From Lemma 2.5(ii), using a similar method, we also obtain

$$\begin{aligned} \bigl\vert T_{n,\lambda,\alpha}(\phi_{x};x) \bigr\vert \leq \frac{8\alpha +2(1-x)^{2}}{n(1-x)}\sum_{k=1}^{[\sqrt{n}]} \Omega_{x} \biggl(\phi_{x};\frac {1}{k} \biggr). \end{aligned}$$

(23)

By the Cauchy–Schwarz inequality, (12), and Lemma 2.4, we have

$$\begin{aligned} L_{n,\lambda,\alpha}\bigl( \vert t-x \vert ;x\bigr)\leq\alpha K_{n,\lambda} \bigl( \vert t-x \vert ;x\bigr)\leq\alpha\sqrt {K_{n,\lambda} \bigl((t-x)^{2};x \bigr)}\leq\frac{2\alpha}{\sqrt {n+1}}. \end{aligned}$$

(24)

Hence, by (22), (23), (24), and (21), we have

$$\begin{aligned} \bigl\vert L_{n,\lambda,\alpha}(f;x)-f(x) \bigr\vert \leq\frac{2\alpha ( \vert \phi(x+) \vert + \vert \phi(x-) \vert )}{\sqrt{n+1}}+ \frac{8\alpha+2x(1-x)}{nx(1-x)}\sum_{k=1}^{[\sqrt{n}]} \Omega_{x} \biggl(\phi_{x};\frac{1}{k} \biggr). \end{aligned}$$

Theorem 3.3 is proved. □

4 Conclusion

In this paper, we have presented a Bézier variant of Kantorovich type λ-Bernstein operators \(L_{n,\lambda,\alpha}(f;x)\), and established approximation theorems by using the usual second order modulus of smoothness and the Ditzian–Totik modulus of smoothness.

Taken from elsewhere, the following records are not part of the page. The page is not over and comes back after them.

(* For every $n\in\mathbb{N}$ there is a constant $c_n>0$ such that for all $t\in(0,1/2]$ and all $\lambda_1,\dots,\lambda_n>0$ with $\lambda_1\lambda_2\cdots\lambda_n=1$, $$\sqrt{\sum_{i=1}^n(\lambda_i-1)^2}\le c_nt^{-n}\left(\prod_{i=1}^n\big(t+(1-t)\lambda_i\big)-1\right)+c_nt^{-1/2}\sqrt{\prod_{i=1}^n\big(t+(1-t)\lambda_i\big)-1}.$$ *)

theory Defs
  imports Complex_Main
begin

end

theory Submission
  imports Defs
begin

text \<open>Write \<open>\<mu>\<^sub>i = t + (1 - t)\<lambda>\<^sub>i\<close> and \<open>D = \<Prod>\<^sub>i \<mu>\<^sub>i - 1\<close>. Since \<open>\<Sum>\<^sub>i ln \<lambda>\<^sub>i = 0\<close>, we have
  \<open>ln (\<Prod>\<^sub>i \<mu>\<^sub>i) = \<Sum>\<^sub>i g(\<lambda>\<^sub>i)\<close> with the concavity gap \<open>g(x) = ln (t + (1 - t)x) - (1 - t) ln x \<ge> 0\<close>,
  and \<open>ln \<le> id - 1\<close> gives \<open>\<Sum>\<^sub>i g(\<lambda>\<^sub>i) \<le> D\<close>. A derivative computation shows
  \<open>g(x) \<ge> t/16 \<cdot> min ((x - 1)\<^sup>2) 1\<close>. If every \<open>\<lambda>\<^sub>i\<close> is within distance 1 of 1, this gives
  \<open>\<Sum>\<^sub>i (\<lambda>\<^sub>i - 1)\<^sup>2 \<le> 16 n D / t\<close>. Otherwise \<open>D \<ge> t/16\<close>, and bounding all other factors of the
  product below by \<open>t\<close> gives \<open>\<lambda>\<^sub>i \<le> 2 (1 + D) / t\<^sup>n\<^sup>-\<^sup>1 \<le> 34 D / t\<^sup>n\<close> for every \<open>i\<close>.\<close>

lemma mix_pos: "0 < t \<Longrightarrow> t \<le> 1/2 \<Longrightarrow> 0 < x \<Longrightarrow> t + (1-t)*x > (0::real)"
  using mult_pos_pos[of "1-t" x] by linarith

definition log_mix_gap :: "real \<Rightarrow> real \<Rightarrow> real" where
  "log_mix_gap t x = ln (t + (1-t)*x) - (1-t) * ln x"

lemma log_mix_gap_one [simp]: "log_mix_gap t 1 = 0"
  by (simp add: log_mix_gap_def)

lemma log_mix_gap_deriv:
  assumes "0 < t" "t \<le> 1/2" "0 < x"
  shows "DERIV (log_mix_gap t) x :> t*(x-1) * ((1-t)/(x*(t+(1-t)*x)))"
proof -
  have p: "t + (1-t)*x > 0" using assms by (rule mix_pos)
  have "DERIV (\<lambda>x. ln (t + (1-t)*x) - (1-t) * ln x) x :> (1-t)/(t+(1-t)*x) - (1-t)*(1/x)"
    by (rule derivative_eq_intros refl | use p assms in auto)+
  moreover have "(1-t)/(t+(1-t)*x) - (1-t)*(1/x) = t*(x-1) * ((1-t)/(x*(t+(1-t)*x)))"
    using p assms by (simp add: field_simps)
  ultimately show ?thesis unfolding log_mix_gap_def[abs_def] by simp
qed

lemma log_mix_gap_ge_below_one:
  assumes "0 < t" "t \<le> 1/2" "0 < x" "x \<le> 1"
  shows "t*(1-x)^2/4 \<le> log_mix_gap t x"
proof -
  let ?g = "\<lambda>s. log_mix_gap t s - t*(1-s)^2/4"
  have "?g 1 \<le> ?g x"
  proof (rule DERIV_nonpos_imp_nonincreasing[OF assms(4)])
    fix s assume s: "x \<le> s" "s \<le> 1"
    hence s0: "0 < s" using assms by simp
    have p: "t + (1-t)*s > 0" using assms s0 by (intro mix_pos) auto
    have "(1-t)*s \<le> (1-t)*1" using assms s by (intro mult_left_mono) auto
    hence "s*(t+(1-t)*s) \<le> 1" using s p s0 by (intro mult_le_one) auto
    hence "1/2 \<le> (1-t)/(s*(t+(1-t)*s))"
      using assms p s0 by (simp add: le_divide_eq)
    hence "t*(s-1) * ((1-t)/(s*(t+(1-t)*s))) \<le> t*(s-1) * (1/2)"
      using assms s by (intro mult_left_mono_neg) (auto simp: mult_nonneg_nonpos)
    moreover have "DERIV ?g s :> t*(s-1) * ((1-t)/(s*(t+(1-t)*s))) - t*(s-1)/2"
      by (intro DERIV_diff log_mix_gap_deriv assms s0 derivative_eq_intros refl) auto
    ultimately show "\<exists>y. DERIV ?g s :> y \<and> y \<le> 0" by fastforce
  qed
  thus ?thesis by simp
qed

lemma log_mix_gap_ge_one_to_two:
  assumes "0 < t" "t \<le> 1/2" "1 \<le> x" "x \<le> 2"
  shows "t*(x-1)^2/16 \<le> log_mix_gap t x"
proof -
  let ?g = "\<lambda>s. log_mix_gap t s - t*(s-1)^2/16"
  have "?g 1 \<le> ?g x"
  proof (rule DERIV_nonneg_imp_nondecreasing[OF assms(3)])
    fix s assume s: "1 \<le> s" "s \<le> x"
    hence s0: "0 < s" using assms by simp
    have p: "t + (1-t)*s > 0" using assms s0 by (intro mix_pos) auto
    have "t*1 \<le> t*s" using assms s by (intro mult_left_mono) auto
    hence "t + (1-t)*s \<le> s" by (simp add: algebra_simps)
    hence "s*(t+(1-t)*s) \<le> 2*2" using s p assms by (intro mult_mono) auto
    hence "1/8 \<le> (1-t)/(s*(t+(1-t)*s))"
      using assms p s0 by (simp add: le_divide_eq)
    hence "t*(s-1) * (1/8) \<le> t*(s-1) * ((1-t)/(s*(t+(1-t)*s)))"
      using assms s by (intro mult_left_mono) auto
    moreover have "DERIV ?g s :> t*(s-1) * ((1-t)/(s*(t+(1-t)*s))) - t*(s-1)/8"
      by (intro DERIV_diff log_mix_gap_deriv assms s0 derivative_eq_intros refl) auto
    ultimately show "\<exists>y. DERIV ?g s :> y \<and> y \<ge> 0" by fastforce
  qed
  thus ?thesis by simp
qed

lemma log_mix_gap_mono_above_one:
  assumes "0 < t" "t \<le> 1/2" "1 \<le> a" "a \<le> x"
  shows "log_mix_gap t a \<le> log_mix_gap t x"
proof (rule DERIV_nonneg_imp_nondecreasing[OF assms(4)])
  fix s assume s: "a \<le> s" "s \<le> x"
  hence s0: "0 < s" using assms by simp
  have "t + (1-t)*s > 0" using assms s0 by (intro mix_pos) auto
  hence "t*(s-1) * ((1-t)/(s*(t+(1-t)*s))) \<ge> 0" using assms s s0 by simp
  thus "\<exists>y. DERIV (log_mix_gap t) s :> y \<and> y \<ge> 0"
    using log_mix_gap_deriv[OF assms(1,2) s0] by blast
qed

lemma log_mix_gap_ge:
  assumes "0 < t" "t \<le> 1/2" "0 < x"
  shows "t/16 * min ((x-1)^2) 1 \<le> log_mix_gap t x"
proof (cases "x \<le> 1")
  case True
  have "(1-x)^2 \<le> 1" using True assms by (intro power_le_one) auto
  hence "t/16 * min ((x-1)^2) 1 = t*(1-x)^2/16" by (simp add: power2_commute)
  moreover have "0 \<le> t*(1-x)^2" using assms by simp
  ultimately show ?thesis using log_mix_gap_ge_below_one[OF assms True] by linarith
next
  case False
  show ?thesis
  proof (cases "x \<le> 2")
    case True
    have "(x-1)^2 \<le> 1" using True False by (intro power_le_one) auto
    thus ?thesis using log_mix_gap_ge_one_to_two[OF assms(1,2) _ True] False by simp
  next
    case beyond: False
    have "t/16 \<le> log_mix_gap t 2" using log_mix_gap_ge_one_to_two[of t 2] assms by simp
    also have "\<dots> \<le> log_mix_gap t x" using log_mix_gap_mono_above_one[of t 2 x] assms beyond by simp
    finally have "t/16 \<le> log_mix_gap t x" .
    moreover have "1 \<le> (x-1)^2" using beyond by (intro one_le_power) auto
    ultimately show ?thesis by simp
  qed
qed

lemma log_mix_gap_nonneg:
  assumes "0 < t" "t \<le> 1/2" "0 < x"
  shows "0 \<le> log_mix_gap t x"
proof -
  have "0 \<le> t/16 * min ((x-1)^2) 1" using assms by simp
  thus ?thesis using log_mix_gap_ge[OF assms] by linarith
qed

lemma sum_log_mix_gap_le_prod_mix:
  fixes l :: "'a \<Rightarrow> real"
  assumes "finite S" "0 < t" "t \<le> 1/2" "\<And>i. i \<in> S \<Longrightarrow> 0 < l i" "(\<Prod>i\<in>S. l i) = 1"
  shows "(\<Sum>i\<in>S. log_mix_gap t (l i)) \<le> (\<Prod>i\<in>S. t + (1-t) * l i) - 1"
proof -
  have mix: "i \<in> S \<Longrightarrow> 0 < t + (1-t) * l i" for i using assms by (intro mix_pos) auto
  have "ln (\<Prod>i\<in>S. t + (1-t) * l i) = (\<Sum>i\<in>S. ln (t + (1-t) * l i))"
    using mix by (intro ln_prod assms(1)) force
  also have "\<dots> = (\<Sum>i\<in>S. log_mix_gap t (l i) + (1-t) * ln (l i))"
    by (simp add: log_mix_gap_def)
  also have "\<dots> = (\<Sum>i\<in>S. log_mix_gap t (l i)) + (1-t) * (\<Sum>i\<in>S. ln (l i))"
    by (simp add: sum.distrib sum_distrib_left)
  also have "(\<Sum>i\<in>S. ln (l i)) = ln (\<Prod>i\<in>S. l i)"
    by (intro ln_prod[symmetric] assms(1)) (metis assms(4) less_irrefl)
  finally show ?thesis
    using ln_le_minus_one[of "\<Prod>i\<in>S. t + (1-t) * l i"] mix assms by (simp add: prod_pos)
qed

lemma sqrt_sum_le_sqrt_card_mult:
  fixes f :: "'a \<Rightarrow> real"
  assumes "\<And>i. i \<in> S \<Longrightarrow> f i \<le> b"
  shows "sqrt (sum f S) \<le> sqrt (real (card S)) * sqrt b"
  using real_sqrt_le_mono[OF sum_bounded_above[of S f b, OF assms]] by (simp add: real_sqrt_mult)

lemma entry_le_prod_mix:
  fixes l :: "'a \<Rightarrow> real"
  assumes "finite S" "i \<in> S" "0 < t" "t \<le> 1/2" "\<And>k. k \<in> S \<Longrightarrow> 0 < l k"
  shows "l i * t ^ (card S - 1) \<le> 2 * (\<Prod>k\<in>S. t + (1-t) * l k)"
proof -
  have "t ^ (card S - 1) = (\<Prod>k\<in>S-{i}. t)" using assms by (simp add: card_Diff_singleton)
  also have "\<dots> \<le> (\<Prod>k\<in>S-{i}. t + (1-t) * l k)"
    using assms mult_pos_pos[of "1-t"] by (intro prod_mono) force
  finally have others: "t ^ (card S - 1) \<le> (\<Prod>k\<in>S-{i}. t + (1-t) * l k)" .
  have "0 < l i" using assms(2,5) by blast
  hence "1/2 * l i \<le> (1-t) * l i" using assms(4) by (intro mult_right_mono) auto
  hence "l i / 2 \<le> t + (1-t) * l i" using assms(3) by linarith
  hence "l i / 2 * t ^ (card S - 1) \<le> (t + (1-t) * l i) * (\<Prod>k\<in>S-{i}. t + (1-t) * l k)"
    using others \<open>0 < l i\<close> assms(3) by (intro mult_mono) auto
  also have "\<dots> = (\<Prod>k\<in>S. t + (1-t) * l k)"
    using assms by (simp add: prod.remove)
  finally show ?thesis by simp
qed

lemma log_mix_gap_bound_le_prod_mix:
  fixes l :: "'a \<Rightarrow> real"
  assumes "finite S" "0 < t" "t \<le> 1/2" "\<And>i. i \<in> S \<Longrightarrow> 0 < l i" "(\<Prod>i\<in>S. l i) = 1"
    and "j \<in> S"
  shows "t/16 * min ((l j - 1)^2) 1 \<le> (\<Prod>i\<in>S. t + (1-t) * l i) - 1"
proof -
  have "log_mix_gap t (l j) \<le> (\<Sum>i\<in>S. log_mix_gap t (l i))"
    using assms log_mix_gap_nonneg by (intro member_le_sum) auto
  thus ?thesis using log_mix_gap_ge[OF assms(2,3) assms(4)[OF \<open>j \<in> S\<close>]]
      sum_log_mix_gap_le_prod_mix[OF assms(1-5)] by linarith
qed

lemma prod_mix_ge_one:
  fixes l :: "'a \<Rightarrow> real"
  assumes "finite S" "0 < t" "t \<le> 1/2" "\<And>i. i \<in> S \<Longrightarrow> 0 < l i" "(\<Prod>i\<in>S. l i) = 1"
  shows "1 \<le> (\<Prod>i\<in>S. t + (1-t) * l i)"
proof -
  have "0 \<le> (\<Sum>i\<in>S. log_mix_gap t (l i))"
    using assms log_mix_gap_nonneg by (intro sum_nonneg) auto
  thus ?thesis using sum_log_mix_gap_le_prod_mix[OF assms] by linarith
qed

lemma sqrt_sum_sq_le_if_near_one:
  fixes l :: "'a \<Rightarrow> real"
  assumes "finite S" "0 < t" "t \<le> 1/2" "\<And>i. i \<in> S \<Longrightarrow> 0 < l i" "(\<Prod>i\<in>S. l i) = 1"
    and "\<And>i. i \<in> S \<Longrightarrow> (l i - 1)^2 \<le> 1"
  shows "sqrt (\<Sum>i\<in>S. (l i - 1)^2)
    \<le> 4 * sqrt (real (card S)) * t powr (-1/2) * sqrt ((\<Prod>i\<in>S. t + (1-t) * l i) - 1)"
proof -
  define D where "D = (\<Prod>i\<in>S. t + (1-t) * l i) - 1"
  have "(l i - 1)^2 \<le> 16 * D / t" if "i \<in> S" for i
  proof -
    have "t/16 * (l i - 1)^2 \<le> D"
      using log_mix_gap_bound_le_prod_mix[OF assms(1-5) that] assms(6)[OF that] by (simp add: D_def)
    thus ?thesis using assms(2) by (simp add: field_simps)
  qed
  hence "sqrt (\<Sum>i\<in>S. (l i - 1)^2) \<le> sqrt (real (card S)) * sqrt (16 * D / t)"
    by (rule sqrt_sum_le_sqrt_card_mult)
  also have "sqrt (16 * D / t) = 4 * t powr (-1/2) * sqrt D"
    using assms(2) by (simp add: real_sqrt_mult real_sqrt_divide powr_minus_divide powr_half_sqrt)
  finally show ?thesis by (simp add: D_def mult.assoc)
qed

lemma sqrt_sum_sq_le_if_far_from_one:
  fixes l :: "'a \<Rightarrow> real"
  assumes "finite S" "0 < t" "t \<le> 1/2" "\<And>i. i \<in> S \<Longrightarrow> 0 < l i" "(\<Prod>i\<in>S. l i) = 1"
    and "t/16 \<le> (\<Prod>i\<in>S. t + (1-t) * l i) - 1"
  shows "sqrt (\<Sum>i\<in>S. (l i - 1)^2)
    \<le> sqrt (real (card S)) * (34 * ((\<Prod>i\<in>S. t + (1-t) * l i) - 1) / t ^ card S)"
proof -
  define D where "D = (\<Prod>i\<in>S. t + (1-t) * l i) - 1"
  define B where "B = 34 * D / t ^ card S"
  have D_ge: "t/16 \<le> D" using assms(6) by (simp add: D_def)
  hence "D * t \<le> D * (1/2)" using assms(2,3) by (intro mult_left_mono) auto
  moreover have "2 * (1 + D) * t = 2 * t + 2 * (D * t)" by (simp add: algebra_simps)
  ultimately have "2 * (1 + D) * t \<le> 34 * D" using D_ge assms(2) by linarith
  have "(l i - 1)^2 \<le> B^2" if "i \<in> S" for i
  proof -
    have "card S \<ge> 1" using assms(1) that by (simp add: Suc_le_eq card_gt_0_iff) blast
    hence tn: "t ^ card S = t ^ (card S - 1) * t" by (simp add: power_eq_if)
    have tn_le: "t ^ card S \<le> t" using \<open>card S \<ge> 1\<close> assms(2,3) by (simp add: power_le_one tn)
    have "l i * t ^ card S \<le> 2 * (1 + D) * t"
      using entry_le_prod_mix[OF assms(1) that assms(2-4)] assms(2)
      by (simp add: tn D_def mult.assoc[symmetric])
    also have "\<dots> \<le> 34 * D" by fact
    finally have "l i \<le> B" using assms(2) by (simp add: B_def pos_le_divide_eq)
    moreover have "1 \<le> B"
      using tn_le assms(2,6) by (simp add: B_def D_def pos_le_divide_eq)
    ultimately have "\<bar>l i - 1\<bar> \<le> B" using assms(4)[OF that] by linarith
    thus ?thesis by (metis abs_ge_zero power2_abs power_mono)
  qed
  hence "sqrt (\<Sum>i\<in>S. (l i - 1)^2) \<le> sqrt (real (card S)) * sqrt (B^2)"
    by (rule sqrt_sum_le_sqrt_card_mult)
  also have "sqrt (B^2) = B"
    using assms(2,6) by (simp add: B_def D_def)
  finally show ?thesis by (simp add: B_def D_def)
qed

lemma sqrt_sum_sq_le_prod_mix:
  fixes l :: "'a \<Rightarrow> real"
  assumes "finite S" "0 < t" "t \<le> 1/2" "\<And>i. i \<in> S \<Longrightarrow> 0 < l i" "(\<Prod>i\<in>S. l i) = 1"
  defines "c \<equiv> 34 * (real (card S) + 1)" and "D \<equiv> (\<Prod>i\<in>S. t + (1-t) * l i) - 1"
  shows "sqrt (\<Sum>i\<in>S. (l i - 1)^2) \<le> c * (1 / t ^ card S) * D + c * t powr (-1/2) * sqrt D"
proof -
  have "0 \<le> D" using prod_mix_ge_one[OF assms(1-5)] by (simp add: D_def)
  have "sqrt (real (card S)) \<le> real (card S) + 1"
    by (intro real_le_lsqrt) (simp_all add: power2_eq_square algebra_simps)
  hence c_ge: "4 * sqrt (real (card S)) \<le> c" "sqrt (real (card S)) * 34 \<le> c"
    by (auto simp: c_def)
  have near: "0 \<le> c * (1 / t ^ card S) * D" and far: "0 \<le> c * t powr (-1/2) * sqrt D"
    using \<open>0 \<le> D\<close> assms(2) by (simp_all add: c_def)
  show ?thesis
  proof (cases "\<forall>i\<in>S. (l i - 1)^2 \<le> 1")
    case True
    have "sqrt (\<Sum>i\<in>S. (l i - 1)^2) \<le> 4 * sqrt (real (card S)) * (t powr (-1/2) * sqrt D)"
      using sqrt_sum_sq_le_if_near_one[OF assms(1-5)] True by (simp add: D_def mult.assoc)
    also have "\<dots> \<le> c * (t powr (-1/2) * sqrt D)"
      using c_ge(1) \<open>0 \<le> D\<close> by (intro mult_right_mono) auto
    finally show ?thesis using near by (simp only: mult.assoc)
  next
    case False
    then obtain j where "j \<in> S" "1 < (l j - 1)^2" by auto
    hence "t/16 \<le> D"
      using log_mix_gap_bound_le_prod_mix[OF assms(1-5)] by (force simp: D_def)
    hence "sqrt (\<Sum>i\<in>S. (l i - 1)^2) \<le> sqrt (real (card S)) * 34 * (1 / t ^ card S * D)"
      using sqrt_sum_sq_le_if_far_from_one[OF assms(1-5)] by (simp add: D_def mult.assoc)
    also have "\<dots> \<le> c * (1 / t ^ card S * D)"
      using c_ge(2) \<open>0 \<le> D\<close> assms(2) by (intro mult_right_mono) auto
    finally show ?thesis using far by (simp only: mult.assoc)
  qed
qed

theorem mainTheorem13:
  fixes n :: nat
  shows "\<exists>c::real. c > 0 \<and>
    (\<forall>(t::real) (l::nat \<Rightarrow> real).
       0 < t \<and> t \<le> 1/2 \<and> (\<forall>i\<in>{1..n}. l i > 0) \<and> (\<Prod>i=1..n. l i) = 1 \<longrightarrow>
       sqrt (\<Sum>i=1..n. (l i - 1)^2)
         \<le> c * (1 / t ^ n) * ((\<Prod>i=1..n. t + (1 - t) * l i) - 1)
           + c * t powr (-1/2) * sqrt ((\<Prod>i=1..n. t + (1 - t) * l i) - 1))"
proof (intro exI[of _ "34 * (real n + 1)"] conjI allI impI)
  fix t :: real and l :: "nat \<Rightarrow> real"
  assume "0 < t \<and> t \<le> 1/2 \<and> (\<forall>i\<in>{1..n}. l i > 0) \<and> (\<Prod>i=1..n. l i) = 1"
  then show "sqrt (\<Sum>i=1..n. (l i - 1)^2)
         \<le> 34 * (real n + 1) * (1 / t ^ n) * ((\<Prod>i=1..n. t + (1 - t) * l i) - 1)
           + 34 * (real n + 1) * t powr (-1/2) * sqrt ((\<Prod>i=1..n. t + (1 - t) * l i) - 1)"
    using sqrt_sum_sq_le_prod_mix[of "{1..n}" t l] by simp
qed simp

end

From Theorem 3.3 of Sect. 3, we know that the rate of convergence of operators \(L_{n,\lambda,\alpha}(f;x)\) for \(f\in\Phi_{\mathrm{DB}}\) is \(\frac {1}{\sqrt{n+1}}\). Furthermore, we might consider the approximation of these operators \(L_{n,\lambda,\alpha}(f;x)\) for locally bounded functions.